Problem requirements -> Using the records below, quote only the span that opens with the line containing "p q \<subseteq>" and closes with the line containing "z = (\<lambda>x. pw p n (-1) 0 x);", exactly and inclusively.

Saved data entries ->

+++++

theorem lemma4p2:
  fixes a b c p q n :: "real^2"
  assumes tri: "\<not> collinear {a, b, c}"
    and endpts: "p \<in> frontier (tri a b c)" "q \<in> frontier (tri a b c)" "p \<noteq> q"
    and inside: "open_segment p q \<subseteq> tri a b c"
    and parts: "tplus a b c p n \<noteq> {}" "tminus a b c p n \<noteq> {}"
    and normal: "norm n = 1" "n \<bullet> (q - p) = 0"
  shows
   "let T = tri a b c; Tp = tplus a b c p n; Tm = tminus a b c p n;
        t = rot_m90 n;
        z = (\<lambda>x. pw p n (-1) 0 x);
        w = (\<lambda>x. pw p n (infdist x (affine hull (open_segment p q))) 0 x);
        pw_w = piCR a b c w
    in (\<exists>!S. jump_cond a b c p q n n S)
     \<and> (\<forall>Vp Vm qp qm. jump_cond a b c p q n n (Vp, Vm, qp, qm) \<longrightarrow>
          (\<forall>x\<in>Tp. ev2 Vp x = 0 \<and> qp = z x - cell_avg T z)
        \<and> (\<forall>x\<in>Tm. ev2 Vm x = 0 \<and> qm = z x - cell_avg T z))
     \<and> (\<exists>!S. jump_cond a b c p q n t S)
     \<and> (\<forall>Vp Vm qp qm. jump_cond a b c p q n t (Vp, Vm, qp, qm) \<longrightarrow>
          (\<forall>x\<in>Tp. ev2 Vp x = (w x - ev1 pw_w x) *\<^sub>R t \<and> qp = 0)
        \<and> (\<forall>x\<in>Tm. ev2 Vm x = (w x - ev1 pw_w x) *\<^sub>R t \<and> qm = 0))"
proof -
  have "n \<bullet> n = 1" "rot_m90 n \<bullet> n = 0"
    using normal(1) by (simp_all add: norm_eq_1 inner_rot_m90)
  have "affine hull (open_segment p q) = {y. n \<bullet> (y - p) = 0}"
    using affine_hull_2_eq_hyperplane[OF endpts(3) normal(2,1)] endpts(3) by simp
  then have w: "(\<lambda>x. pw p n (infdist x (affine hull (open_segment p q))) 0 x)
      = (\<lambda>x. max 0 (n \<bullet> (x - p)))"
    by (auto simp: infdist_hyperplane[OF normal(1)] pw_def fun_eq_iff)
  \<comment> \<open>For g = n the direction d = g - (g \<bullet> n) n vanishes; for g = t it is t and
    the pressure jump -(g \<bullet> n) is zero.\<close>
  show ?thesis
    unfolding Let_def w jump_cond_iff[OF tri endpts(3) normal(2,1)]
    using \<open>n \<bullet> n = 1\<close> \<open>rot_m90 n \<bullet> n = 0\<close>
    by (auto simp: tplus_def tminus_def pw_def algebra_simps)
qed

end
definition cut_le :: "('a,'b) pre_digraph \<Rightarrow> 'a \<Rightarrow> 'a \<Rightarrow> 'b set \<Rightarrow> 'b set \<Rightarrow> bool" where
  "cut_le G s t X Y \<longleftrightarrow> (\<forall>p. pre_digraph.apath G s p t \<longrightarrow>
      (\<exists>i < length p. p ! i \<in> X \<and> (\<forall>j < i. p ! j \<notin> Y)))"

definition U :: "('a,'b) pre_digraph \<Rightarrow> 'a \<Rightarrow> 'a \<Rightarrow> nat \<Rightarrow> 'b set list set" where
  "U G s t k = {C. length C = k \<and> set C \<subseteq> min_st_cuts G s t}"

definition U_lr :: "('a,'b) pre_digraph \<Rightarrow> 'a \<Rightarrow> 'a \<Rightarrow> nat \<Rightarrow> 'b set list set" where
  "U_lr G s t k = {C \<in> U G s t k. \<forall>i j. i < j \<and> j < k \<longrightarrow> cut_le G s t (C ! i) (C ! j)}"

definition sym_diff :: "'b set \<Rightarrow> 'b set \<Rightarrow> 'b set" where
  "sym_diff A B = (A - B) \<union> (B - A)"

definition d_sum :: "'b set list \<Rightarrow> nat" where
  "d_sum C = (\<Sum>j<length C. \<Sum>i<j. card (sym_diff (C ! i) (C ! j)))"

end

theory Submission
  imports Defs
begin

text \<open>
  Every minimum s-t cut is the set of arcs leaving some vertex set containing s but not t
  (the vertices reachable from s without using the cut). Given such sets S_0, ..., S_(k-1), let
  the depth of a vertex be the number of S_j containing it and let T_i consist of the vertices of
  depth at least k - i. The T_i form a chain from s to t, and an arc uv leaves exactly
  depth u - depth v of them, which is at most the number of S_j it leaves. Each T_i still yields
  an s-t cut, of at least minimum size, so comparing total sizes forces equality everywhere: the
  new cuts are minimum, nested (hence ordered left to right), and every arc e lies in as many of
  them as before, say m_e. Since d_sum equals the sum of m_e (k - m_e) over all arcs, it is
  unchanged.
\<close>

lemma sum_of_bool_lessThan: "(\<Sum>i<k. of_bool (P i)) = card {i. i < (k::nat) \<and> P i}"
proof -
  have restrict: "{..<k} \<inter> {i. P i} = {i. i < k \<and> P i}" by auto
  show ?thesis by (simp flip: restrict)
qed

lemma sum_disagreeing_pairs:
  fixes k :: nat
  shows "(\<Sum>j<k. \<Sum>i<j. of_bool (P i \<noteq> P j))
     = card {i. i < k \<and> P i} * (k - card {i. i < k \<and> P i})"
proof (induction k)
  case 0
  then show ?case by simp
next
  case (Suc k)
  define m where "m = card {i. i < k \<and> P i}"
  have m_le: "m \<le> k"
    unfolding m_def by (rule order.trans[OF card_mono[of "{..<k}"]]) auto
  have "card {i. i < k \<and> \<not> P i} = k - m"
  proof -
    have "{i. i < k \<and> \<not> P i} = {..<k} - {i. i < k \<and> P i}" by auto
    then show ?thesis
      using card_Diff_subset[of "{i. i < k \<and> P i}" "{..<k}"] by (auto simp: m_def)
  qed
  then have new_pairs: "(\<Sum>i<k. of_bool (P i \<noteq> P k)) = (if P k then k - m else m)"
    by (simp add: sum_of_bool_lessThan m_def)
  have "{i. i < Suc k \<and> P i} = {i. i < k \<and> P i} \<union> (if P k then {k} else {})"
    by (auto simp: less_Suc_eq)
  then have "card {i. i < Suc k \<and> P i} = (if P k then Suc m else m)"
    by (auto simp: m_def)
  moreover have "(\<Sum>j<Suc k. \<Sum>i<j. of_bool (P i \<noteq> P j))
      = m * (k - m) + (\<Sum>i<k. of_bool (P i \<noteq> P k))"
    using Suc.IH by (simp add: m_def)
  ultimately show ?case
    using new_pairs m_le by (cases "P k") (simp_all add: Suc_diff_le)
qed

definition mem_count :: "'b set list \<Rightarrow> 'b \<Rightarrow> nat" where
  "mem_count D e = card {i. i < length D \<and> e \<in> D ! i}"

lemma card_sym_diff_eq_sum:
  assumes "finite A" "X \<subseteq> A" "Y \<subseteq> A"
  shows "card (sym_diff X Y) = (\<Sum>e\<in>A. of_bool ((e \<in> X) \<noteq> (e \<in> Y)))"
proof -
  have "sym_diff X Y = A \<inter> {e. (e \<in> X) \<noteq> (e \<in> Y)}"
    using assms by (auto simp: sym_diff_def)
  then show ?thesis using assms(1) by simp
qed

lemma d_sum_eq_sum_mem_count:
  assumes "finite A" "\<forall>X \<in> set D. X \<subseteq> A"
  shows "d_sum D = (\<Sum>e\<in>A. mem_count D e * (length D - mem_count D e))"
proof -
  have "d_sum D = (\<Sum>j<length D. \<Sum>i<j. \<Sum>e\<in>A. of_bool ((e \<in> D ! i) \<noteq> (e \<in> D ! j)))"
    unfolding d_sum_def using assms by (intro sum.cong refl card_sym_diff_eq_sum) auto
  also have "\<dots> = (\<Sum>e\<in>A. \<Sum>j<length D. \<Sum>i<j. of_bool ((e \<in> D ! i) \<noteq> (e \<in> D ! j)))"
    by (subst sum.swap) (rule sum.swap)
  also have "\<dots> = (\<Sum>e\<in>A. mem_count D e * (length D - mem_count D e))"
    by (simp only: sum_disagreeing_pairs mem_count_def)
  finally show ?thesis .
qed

+++++

Result for this exercise ->
    and inside: "open_segment p q \<subseteq> tri a b c"
    and parts: "tplus a b c p n \<noteq> {}" "tminus a b c p n \<noteq> {}"
    and normal: "norm n = 1" "n \<bullet> (q - p) = 0"
  shows
   "let T = tri a b c; Tp = tplus a b c p n; Tm = tminus a b c p n;
        t = rot_m90 n;
        z = (\<lambda>x. pw p n (-1) 0 x);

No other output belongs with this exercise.